Jul 23, 2011 By Jen DiMascio AviationWeek.com

 

As large cuts to the U.S. defense budget are picking up an air of inevitability, more program kills are probably on their way, the military’s likely next second-in-command told senators July 21.

 

“Some of these programs, depending on the pressures, depending on the decisions that are made by the senior leadership of the department based on a comprehensive review, may end up falling by the wayside,” Adm. James Winnefeld said during his nomination hearing to become the next vice chairman of the Joint Chiefs of Staff. “I hope that those decisions can be made with a strategy in mind.”

 

At the same time, Winnefeld told senators that budget reductions should avoid hollowing the military and doing “irreversible harm” to the defense industrial base.

 

The potential for budget reductions was a prominent theme at the Senate Armed Services Committee hearing, which came one day after the so-called Gang of Six senators agreed to adopt the Bowles-Simpson deficit reduction recommendations as part of a larger agreement to raise the debt ceiling.

 

Those high-level recommendations would hand down nearly $900 billion in security cuts, causing Republicans on the House Armed Services Committee to register a complaint with the president. They sent a letter urging President Barack Obama to “protect a strong national defense while also seeking fiscal constraint in the vast array of programs run by the federal government.”

 

While the deficit reduction talks continue to be a moving target, even some of the biggest defense hawks in the Senate are acknowledging the Pentagon will face the knife.

 

Sen.
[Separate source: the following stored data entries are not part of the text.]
(* Let $\mathbb{F}$ be any field of characteristic zero, let $G=\langle S\rangle\le\mathrm{GL}(n,\mathbb{F})$ with $S$ finite, let $R$ be the subring of $\mathbb{F}$ generated by the entries of the matrices in $S\cup S^{-1}$, and let $\psi_\rho$ be an SW-homomorphism on $\mathrm{GL}(n,R)$. Then $G$ is central-by-finite if and only if $G_\rho$ is central in $G$.
   Context: For an ideal $\rho$ of $R$, $\psi_\rho:\mathrm{GL}(n,R)\to\mathrm{GL}(n,R/\rho)$ is the homomorphism induced by the natural projection $R\to R/\rho$, and $G_\rho$ is the kernel of $\psi_\rho$ on $G$. $\psi_\rho$ is an SW-homomorphism if $R/\rho$ is finite (so $\psi_\rho$ has finite image) and every element of finite order in the kernel of $\psi_\rho$ on $\mathrm{GL}(n,R)$ is unipotent. $G$ is central-by-finite if its centre has finite index in $G$. *)

theory Defs
  imports "HOL-Analysis.Analysis"
begin

(* Matrices over a field: 'a^'n^'n, with the finite type 'n indexing {1..n}. *)

primrec mpow :: "'a::semiring_1^'n^'n \<Rightarrow> nat \<Rightarrow> 'a^'n^'n" where
  "mpow A 0 = mat 1"
| "mpow A (Suc k) = A ** mpow A k"

definition GL_field :: "('a::field^'n^'n) set" where
  "GL_field = {A. invertible A}"

definition subring_gen :: "'a::comm_ring_1 set \<Rightarrow> 'a set" where
  "subring_gen X = \<Inter> {T. X \<subseteq> T \<and> 1 \<in> T \<and> (\<forall>x\<in>T. \<forall>y\<in>T. x + y \<in> T \<and> x - y \<in> T \<and> x * y \<in> T)}"

definition group_gen :: "('a::field^'n^'n) set \<Rightarrow> ('a^'n^'n) set" where
  "group_gen S = \<Inter> {H. S \<subseteq> H \<and> mat 1 \<in> H \<and>
      (\<forall>x\<in>H. \<forall>y\<in>H. x ** y \<in> H) \<and> (\<forall>x\<in>H. matrix_inv x \<in> H)}"

definition entries :: "('a^'n^'n) set \<Rightarrow> 'a set" where
  "entries M = {A $ i $ j | A i j. A \<in> M}"

definition GL_ring :: "'a::field set \<Rightarrow> ('a^'n^'n) set" where
  "GL_ring R = {A. invertible A \<and> (\<forall>i j. A $ i $ j \<in> R) \<and> (\<forall>i j. matrix_inv A $ i $ j \<in> R)}"

definition is_ideal :: "'a::comm_ring_1 set \<Rightarrow> 'a set \<Rightarrow> bool" where
  "is_ideal R \<rho> \<longleftrightarrow> \<rho> \<subseteq> R \<and> 0 \<in> \<rho> \<and> (\<forall>x\<in>\<rho>. \<forall>y\<in>\<rho>. x + y \<in> \<rho> \<and> - x \<in> \<rho>)
      \<and> (\<forall>r\<in>R. \<forall>x\<in>\<rho>. r * x \<in> \<rho>)"

definition quot_ring_carrier :: "'a::comm_ring_1 set \<Rightarrow> 'a set \<Rightarrow> 'a set set" where
  "quot_ring_carrier R \<rho> = (\<lambda>x. {y \<in> R. x - y \<in> \<rho>}) ` R"

definition psi_kernel :: "'a::comm_ring_1 set \<Rightarrow> ('a^'n^'n) set \<Rightarrow> ('a^'n^'n) set" where
  "psi_kernel \<rho> M = {A \<in> M. \<forall>i j. A $ i $ j - mat 1 $ i $ j \<in> \<rho>}"

definition finite_order :: "'a::semiring_1^'n^'n \<Rightarrow> bool" where
  "finite_order A \<longleftrightarrow> (\<exists>k>0. mpow A k = mat 1)"

definition unipotent :: "'a::comm_ring_1^'n^'n \<Rightarrow> bool" where
  "unipotent A \<longleftrightarrow> (\<exists>k. mpow (A - mat 1) k = 0)"

definition SW_hom :: "'a::field set \<Rightarrow> 'a set \<Rightarrow> ('n::finite) itself \<Rightarrow> bool" where
  "SW_hom R \<rho> _ \<longleftrightarrow> finite (quot_ring_carrier R \<rho>) \<and>
     (\<forall>A \<in> psi_kernel \<rho> (GL_ring R :: ('a^'n^'n) set). finite_order A \<longrightarrow> unipotent A)"

definition centre :: "('a::semiring_1^'n^'n) set \<Rightarrow> ('a^'n^'n) set" where
  "centre G = {z \<in> G. \<forall>g\<in>G. z ** g = g ** z}"

(* G is central-by-finite: its centre has finite index (finitely many cosets gZ) *)
definition central_by_finite :: "('a::semiring_1^'n^'n) set \<Rightarrow> bool" where
  "central_by_finite G \<longleftrightarrow> finite ((\<lambda>g. (\<lambda>z. g ** z) ` centre G) ` G)"

end

theory Submission
  imports Defs "HOL-Algebra.Left_Coset" "HOL-Algebra.FiniteProduct"
begin

(* If the centre Z of a group has finite index m, the transfer V : G \<rightarrow> Z is a homomorphism
   into an abelian group with V z = z^m on Z; it therefore kills commutators, and since some
   power of every element lies in Z, every commutator has finite order (Schur).  For g \<in> G_\<rho>
   and h \<in> G the commutator [g, h] lies in the congruence kernel of GL(n, R), so by the
   SW-property it is unipotent, and a unipotent matrix of finite order in characteristic zero
   is the identity; hence G_\<rho> is central.  Conversely, if G_\<rho> is central then the coset gZ
   only depends on the reduction of g modulo \<rho>, of which there are finitely many. *)

subsection \<open>The centre and the transfer\<close>

definition center :: "('a, 'b) monoid_scheme \<Rightarrow> 'a set" where
  "center G = {z \<in> carrier G. \<forall>x \<in> carrier G. z \<otimes>\<^bsub>G\<^esub> x = x \<otimes>\<^bsub>G\<^esub> z}"

context group
begin

lemma center_commute: "z \<in> center G \<Longrightarrow> x \<in> carrier G \<Longrightarrow> z \<otimes> x = x \<otimes> z"
  by (simp add: center_def)

lemma inv_commute:
  assumes "x \<in> carrier G" "y \<in> carrier G" "x \<otimes> y = y \<otimes> x"
  shows "inv x \<otimes> y = y \<otimes> inv x"
  by (metis assms inv_closed inv_solve_left inv_solve_right' m_assoc m_closed)

lemma center_subgroup: "subgroup (center G) G"
proof (rule subgroupI)
  show "center G \<subseteq> carrier G" "center G \<noteq> {}"
    by (auto simp: center_def)
  show "inv z \<in> center G" if z: "z \<in> center G" for z
  proof -
    have "z \<in> carrier G" using z by (simp add: center_def)
    then show ?thesis
      unfolding center_def using center_commute[OF z] inv_commute by blast
  qed
  show "z \<otimes> w \<in> center G" if z: "z \<in> center G" and w: "w \<in> center G" for z w
  proof -
    have zw: "z \<in> carrier G" "w \<in> carrier G"
      using z w by (auto simp: center_def)
    have "z \<otimes> w \<otimes> x = x \<otimes> (z \<otimes> w)" if x: "x \<in> carrier G" for x
    proof -
      have "z \<otimes> w \<otimes> x = z \<otimes> (x \<otimes> w)"
        using zw x by (simp add: m_assoc center_commute[OF w x])
      also have "\<dots> = (x \<otimes> z) \<otimes> w"
        using zw x by (simp add: m_assoc[symmetric] center_commute[OF z x])
      also have "\<dots> = x \<otimes> (z \<otimes> w)"
        using zw x by (simp add: m_assoc)
      finally show ?thesis .
    qed
    then show ?thesis
      unfolding center_def using zw by blast
  qed
qed

lemma center_comm_group: "comm_group (G\<lparr>carrier := center G\<rparr>)"
proof (rule group.group_comm_groupI)
  show "group (G\<lparr>carrier := center G\<rparr>)"
    by (rule subgroup.subgroup_is_group[OF center_subgroup is_group])
  fix x y assume "x \<in> carrier (G\<lparr>carrier := center G\<rparr>)" "y \<in> carrier (G\<lparr>carrier := center G\<rparr>)"
  then have "x \<in> center G" "y \<in> carrier G"
    by (auto simp: center_def)
  then have "x \<otimes> y = y \<otimes> x"
    by (rule center_commute)
  then show "x \<otimes>\<^bsub>G\<lparr>carrier := center G\<rparr>\<^esub> y = y \<otimes>\<^bsub>G\<lparr>carrier := center G\<rparr>\<^esub> x"
    by simp
qed

lemma l_coset_eq_iff:
  assumes "subgroup H G" "a \<in> carrier G" "b \<in> carrier G"
  shows "l_coset G a H = l_coset G b H \<longleftrightarrow> inv a \<otimes> b \<in> H"
proof
  assume "l_coset G a H = l_coset G b H"
  then have "b \<in> l_coset G a H" using lcos_self[OF assms(3,1)] by simp
  then show "inv a \<otimes> b \<in> H" using subgroup.lcos_module_imp[OF assms(1) is_group assms(2)] by blast
next
  assume "inv a \<otimes> b \<in> H"
  then have "b \<in> l_coset G a H" using subgroup.lcos_module_rev[OF assms(1) is_group assms(2,3)] by blast
  then show "l_coset G a H = l_coset G b H" using l_repr_independence assms by blast
qed

lemma commute_if_commutator_eq_one:
  assumes "g \<in> carrier G" "h \<in> carrier G" "g \<otimes> h \<otimes> inv g \<otimes> inv h = \<one>"
  shows "g \<otimes> h = h \<otimes> g"
  using assms by (simp add: inv_solve_right')

lemma pow_mem_subgroup_of_finite_index:
  assumes H: "subgroup H G" and fin: "finite (lcosets H)" and x: "x \<in> carrier G"
  obtains r :: nat where "r > 0" "x [^] r \<in> H"
proof -
  define f where "f i = l_coset G (x [^] i) H" for i :: nat
  have "range f \<subseteq> lcosets H"
    using x by (auto simp: f_def LCOSETS_def)
  then have "\<not> inj f"
    using fin finite_subset infinite_UNIV_nat finite_imageD by blast
  then obtain i' j' :: nat where "i' \<noteq> j'" "f i' = f j'"
    unfolding inj_def by blast
  define i j where "i = min i' j'" and "j = max i' j'"
  have "i < j" "f i = f j"
    using \<open>i' \<noteq> j'\<close> \<open>f i' = f j'\<close> by (auto simp: i_def j_def min_def max_def)
  then have "inv (x [^] i) \<otimes> x [^] j \<in> H"
    using l_coset_eq_iff H x by (simp add: f_def)
  moreover have "inv (x [^] i) \<otimes> x [^] j = x [^] (j - i)"
    using \<open>i < j\<close> x by (simp add: inv_solve_left' nat_pow_mult)
  ultimately show ?thesis using that[of "j - i"] \<open>i < j\<close> by simp
qed

end

lemma (in comm_group) commutator_eq_one:
  assumes "x \<in> carrier G" "y \<in> carrier G"
  shows "x \<otimes> y \<otimes> inv x \<otimes> inv y = \<one>"
proof -
  have "x \<otimes> y \<otimes> inv x \<otimes> inv y = (x \<otimes> y) \<otimes> inv (x \<otimes> y)"
    using assms by (simp add: inv_mult m_assoc)
  then show ?thesis using assms by simp
qed

locale finite_index_center = group +
  assumes finite_center_cosets: "finite (lcosets (center G))"
begin

abbreviation center_group :: "('a, 'b) monoid_scheme" where
  "center_group \<equiv> G\<lparr>carrier := center G\<rparr>"

sublocale Z: comm_group center_group
  by (rule center_comm_group)

definition transversal :: "'a set \<Rightarrow> 'a" where
  "transversal X = inv_into (carrier G) (\<lambda>a. l_coset G a (center G)) X"

lemma transversal:
  assumes "X \<in> lcosets (center G)"
  shows "transversal X \<in> carrier G" "l_coset G (transversal X) (center G) = X"
proof -
  have X: "X \<in> (\<lambda>a. l_coset G a (center G)) ` carrier G"
    using assms unfolding LCOSETS_def by blast
  show "transversal X \<in> carrier G"
    unfolding transversal_def using X by (rule inv_into_into)
  show "l_coset G (transversal X) (center G) = X"
    unfolding transversal_def using X by (rule f_inv_into_f)
qed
Jeff Sessions (R-Ala.), a bona fide defense supporter who is now the top Republican on the Senate Budget Committee, says the nation is borrowing 40 cents on every dollar it spends. Since defense represents about half of the nation’s discretionary spending, “you’ll have to be a part of the belt tightening,” Sessions declares.

 

One of the biggest criticisms of the Bowles-Simpson commission recommendations is that they lack specificity. Taxpayers for Common Sense and the Project on Government Oversight floated their own, very specific, proposal on Thursday to get rid of $600 billion over 10 years in national security spending. The watchdog groups are recommending some doozies, including lopping off 15% of services contractors and replacing the Marine Corps and Navy versions of the Joint Strike Fighter with the F/A-18E and F model aircraft.

 

For their part, contractors are growing anxious about the possibility that the government will actually default on its debt obligations, and warning that a failure to craft an agreement could have lasting consequences.

 

The debt ceiling debate does need to come to a close with a bipartisan agreement, Marion Blakey, president of the Aerospace Industries Association, tells Aviation Week. If the government defaults and then comes to an agreement, “everything doesn’t just go back to normal,” she says.

 

The Professional Services Council, which represents a wide swath of defense contractors, is advising its members to begin getting in line now for payments to offset any future cash-flow problems by the government that would trickle their way, says Alan Chvotkin, executive vice president.

 

And while defense companies have been lobbying to avoid top-line cuts to the Pentagon budget, they’re even more spooked by the uncertainty. “They would take less to know more,” Chvotkin says.